Yoasobi singles chronology
| "Sangenshoku" (2021) | "Loveletter" (2021) | "Taishō Roman" (2021) |

Music video
- "Loveletter" on YouTube English version on YouTube

= Loveletter (Yoasobi song) =

2021 single by Yoasobi

"Loveletter" (ラブレター, Raburetā) is a song by Japanese duo Yoasobi from their second EP, The Book 2 (2021). It was released as a single on August 9, 2021, through Sony Music Entertainment Japan. The song was written by Ayase and based on Hatsune's letter Ongaku-san e, which won the Letter Song Project, a collaboration with radio show Sunday's Post. "Loveletter" peaked at number three on the Oricon Combined Singles Chart, and number four on the Billboard Japan Hot 100.

==Background and release==

On August 30, 2020, Sunday's Post, Tokyo FM's radio show owned by Japan Post Service, announced a collaborative contest with Yoasobi called Letter Song Project to perform a song based on a letter written by listener about thoughts or expectations under the theme "thank you". The winner was announced on July 25, 2021, as sixth-grade student Hatsune's letter, titled Ongaku-san e (音楽さんへ), which spells out gratitude for music. The song, titled "Loveletter", was aired for the first time on the radio show on August 1, and released on August 9 to digital music and streaming platforms. Later, the song appeared on Yoasobi's second extended play The Book 2, released on December 1. The English version was included on the duo's second English-language EP E-Side 2, released on November 18, 2022.

==Composition and lyrics==

"Loveletter" was written by Ayase, a member of the duo, and composed in the key of G major at 100 beats per minute with a running time of 3 minutes and 32 seconds. The song is described as a "magnificent" song that depicts a vivid spread of music and love with various feelings. "Loveletter" featured brass band club from Osaka Tōin Senior High School, who also co-starred in their online concert, Sing Your World.

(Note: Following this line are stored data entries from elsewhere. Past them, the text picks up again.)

lemma is_nn_fun_narrow_shape:
  assumes "is_nn_fun \<sigma> n dout w F" "w \<le> n"
  obtains ds W B where "narrow_shape n ds" "F = nn_eval \<sigma> ds W B"
proof -
  obtain ds W B where len: "2 \<le> length ds" and "ds ! 0 = n" and pos: "\<forall>d\<in>set ds. 0 < d"
    and width: "Max (set (tl ds)) \<le> w" and F: "F = nn_eval \<sigma> ds W B"
    using assms(1) unfolding is_nn_fun_def by blast
  have "ds ! k \<le> n" if "1 \<le> k" "k < length ds" for k
  proof -
    have "tl ds ! (k - 1) = ds ! k" "k - 1 < length (tl ds)"
      using that by (simp_all add: nth_tl)
    then have "ds ! k \<in> set (tl ds)" by (metis nth_mem)
    then show ?thesis using Max_ge[OF List.finite_set, of "ds ! k" "tl ds"] width assms(2) by linarith
  qed
  moreover have "0 < ds ! 0" "0 < ds ! (length ds - 1)"
  proof -
    have "ds ! 0 \<in> set ds" "ds ! (length ds - 1) \<in> set ds" using len by (auto intro!: nth_mem)
    then show "0 < ds ! 0" "0 < ds ! (length ds - 1)" using pos by blast+
  qed
  ultimately have "narrow_shape n ds"
    using len \<open>ds ! 0 = n\<close> unfolding narrow_shape_def by auto
  then show ?thesis using that F by blast
qed

lemma approx_width_first_output:
  fixes g :: "(nat \<Rightarrow> real) \<Rightarrow> real"
  assumes aw: "approx_width \<sigma> a b n dout w" and "1 \<le> dout" and cont: "continuous_on UNIV \<sigma>"
    and g: "continuous_on (cube a b n) g" and "0 < \<epsilon>"
  obtains F where "is_nn_fun \<sigma> n dout w F" "\<forall>x\<in>cube a b n. \<bar>g x - F x 0\<bar> < \<epsilon>"
proof -
  define f where "f x = (\<lambda>i :: nat. if i = 0 then g x else 0)" for x :: "nat \<Rightarrow> real"
  have f: "continuous_on (cube a b n) (\<lambda>x. f x i)" for i :: nat
    using g unfolding f_def by (cases "i = 0") auto
  then obtain F where F: "is_nn_fun \<sigma> n dout w F"
    and sup: "(SUP x\<in>cube a b n. vec_norm dout (\<lambda>i. f x i - F x i)) < \<epsilon>"
    using aw \<open>0 < \<epsilon>\<close> unfolding approx_width_def by blast
  obtain ds W B where F_eq: "F = nn_eval \<sigma> ds W B" using F unfolding is_nn_fun_def by blast
  have "continuous_on (cube a b n) (\<lambda>x. vec_norm dout (\<lambda>i. f x i - F x i))"
    unfolding vec_norm_def F_eq by (intro continuous_intros f continuous_on_nn_eval[OF cont])
  then have bdd: "bdd_above ((\<lambda>x. vec_norm dout (\<lambda>i. f x i - F x i)) ` cube a b n)"
    by (intro bounded_imp_bdd_above compact_imp_bounded compact_continuous_image compact_cube)
  have "\<bar>g x - F x 0\<bar> < \<epsilon>" if "x \<in> cube a b n" for x
  proof -
    have "\<bar>g x - F x 0\<bar> \<le> vec_norm dout (\<lambda>i. f x i - F x i)"
      using abs_le_vec_norm[of 0 dout "\<lambda>i. f x i - F x i"] \<open>1 \<le> dout\<close> by (simp add: f_def)
    also have "\<dots> \<le> (SUP x\<in>cube a b n. vec_norm dout (\<lambda>i. f x i - F x i))"
      by (rule cSUP_upper[OF that bdd])
    finally show ?thesis using sup by linarith
  qed
  then show ?thesis using that F by blast
qed

lemma not_approx_width_if_boundary_dominated:
  assumes "a < b" "1 \<le> dout" "w \<le> n" "continuous_on UNIV \<sigma>" "boundary_dominated \<sigma> a b n"
  shows "\<not> approx_width \<sigma> a b n dout w"
proof
  assume aw: "approx_width \<sigma> a b n dout w"
  define g where "g x = (\<Prod>i<n. (x i - a) * (b - x i))" for x :: "nat \<Rightarrow> real"
  define c where "c i = (if i < n then (a + b) / 2 else 0)" for i :: nat
  have c: "c \<in> cube a b n" using assms(1) unfolding c_def cube_def by auto
  have "0 < g c" unfolding g_def c_def using assms(1) by (intro prod_pos) auto
  have "continuous_on (cube a b n) g"
    unfolding g_def
    by (intro continuous_intros continuous_on_subset[OF continuous_on_product_coordinates]) auto
  then obtain F where "is_nn_fun \<sigma> n dout w F" and close: "\<forall>x\<in>cube a b n. \<bar>g x - F x 0\<bar> < g c / 3"
    using approx_width_first_output[OF aw assms(2,4)] \<open>0 < g c\<close> by (metis divide_pos_pos zero_less_numeral)
  then obtain ds W B where shape: "narrow_shape n ds" and F: "F = nn_eval \<sigma> ds W B"
    using is_nn_fun_narrow_shape assms(3) by blast
  moreover have "0 < g c / 3" using \<open>0 < g c\<close> by simp
  ultimately obtain y where y: "y \<in> cube_boundary a b n" and "F c 0 \<le> F y 0 + g c / 3"
    using assms(5) c unfolding boundary_dominated_def F by blast
  moreover have "y \<in> cube a b n" "g y = 0"
    using y unfolding cube_boundary_def g_def by (auto intro: prod_zero)
  moreover have "\<bar>g c - F c 0\<bar> < g c / 3" "\<bar>g y - F y 0\<bar> < g c / 3"
    using close c \<open>y \<in> cube a b n\<close> by blast+
  ultimately show False by linarith
qed

lemma enat_less_omega_min:
  assumes "\<And>w. approx_width \<sigma> a b din dout w \<Longrightarrow> din < w"
  shows "enat din < omega_min \<sigma> a b din dout"
proof -
  have "enat (Suc din) \<le> omega_min \<sigma> a b din dout"
    unfolding omega_min_def using assms by (auto intro!: Inf_greatest simp: Suc_le_eq)
  then show ?thesis by (simp add: Suc_ile_eq)
qed

theorem corollary11:
  fixes \<sigma> :: "real \<Rightarrow> real" and a b :: real and din dout :: nat
  assumes "a < b" and "1 \<le> din" and "1 \<le> dout"
    and "(continuous_on UNIV \<sigma> \<and>
          ((\<forall>s t. s < t \<longrightarrow> \<sigma> s < \<sigma> t) \<or> (\<forall>s t. s < t \<longrightarrow> \<sigma> t < \<sigma> s)))
         \<or> \<sigma> = (\<lambda>t. max t 0)"
  shows "enat din < omega_min \<sigma> a b din dout"
proof -
  have "continuous_on UNIV \<sigma> \<and> boundary_dominated \<sigma> a b din"
    using assms(4)
  proof (elim disjE conjE)
    assume "continuous_on UNIV \<sigma>" "\<forall>s t. s < t \<longrightarrow> \<sigma> s < \<sigma> t"
    then show ?thesis by (metis boundary_dominated_continuous_inj linorder_injI order_less_irrefl)
  next
    assume "continuous_on UNIV \<sigma>" "\<forall>s t. s < t \<longrightarrow> \<sigma> t < \<sigma> s"
    then show ?thesis by (metis boundary_dominated_continuous_inj linorder_injI order_less_irrefl)
  next
    assume "\<sigma> = (\<lambda>t. max t 0)"
    then show ?thesis using boundary_dominated_relu by (auto intro: continuous_intros)
  qed
  then show ?thesis
    using not_approx_width_if_boundary_dominated[OF assms(1,3)]
    by (intro enat_less_omega_min) (meson not_le)
qed

end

==Commercial performance==

In Japan, "Loveletter" debuted at number one on the Oricon Digital Single Chart dated of August 23, 2021 with 37,281 download units, becoming their seventh number-one song on the chart. The song also peaked at number three on the Combined Singles Chart, and number 18 on the Streaming Chart. For Billboard Japan Hot 100, "Loveletter" opened at number four, behind SixTones's "Mascara", BTS' "Butter" and "Permission to Dance". It also topped the Download Songs with 31,392 download units, and reached number 17 on Streaming Songs. "Loveletter" also peaked at number 96 on the Billboard Global Excl. US.

==Music video==

An accompanying music video of "Loveletter" was initially set to premiere on August 24, 2021, but had been postponed to August 31 due to production reasons. Directed by Satoru Ohno from ThinkR, art directed by Banishment, and animation directed by Ryō Ishii, the music video depicts the various gratitude contained in the based letter spreading on the music with the vivid scene. The music video begins with a girl holding her letter showing her love in music. It continues as she walks through her school until she sees a heart that explodes into music staves as it flies across the sky, and she runs after it. It ends up with the girl's friends joining her, chasing after the music, and enjoying it together with musical instruments background.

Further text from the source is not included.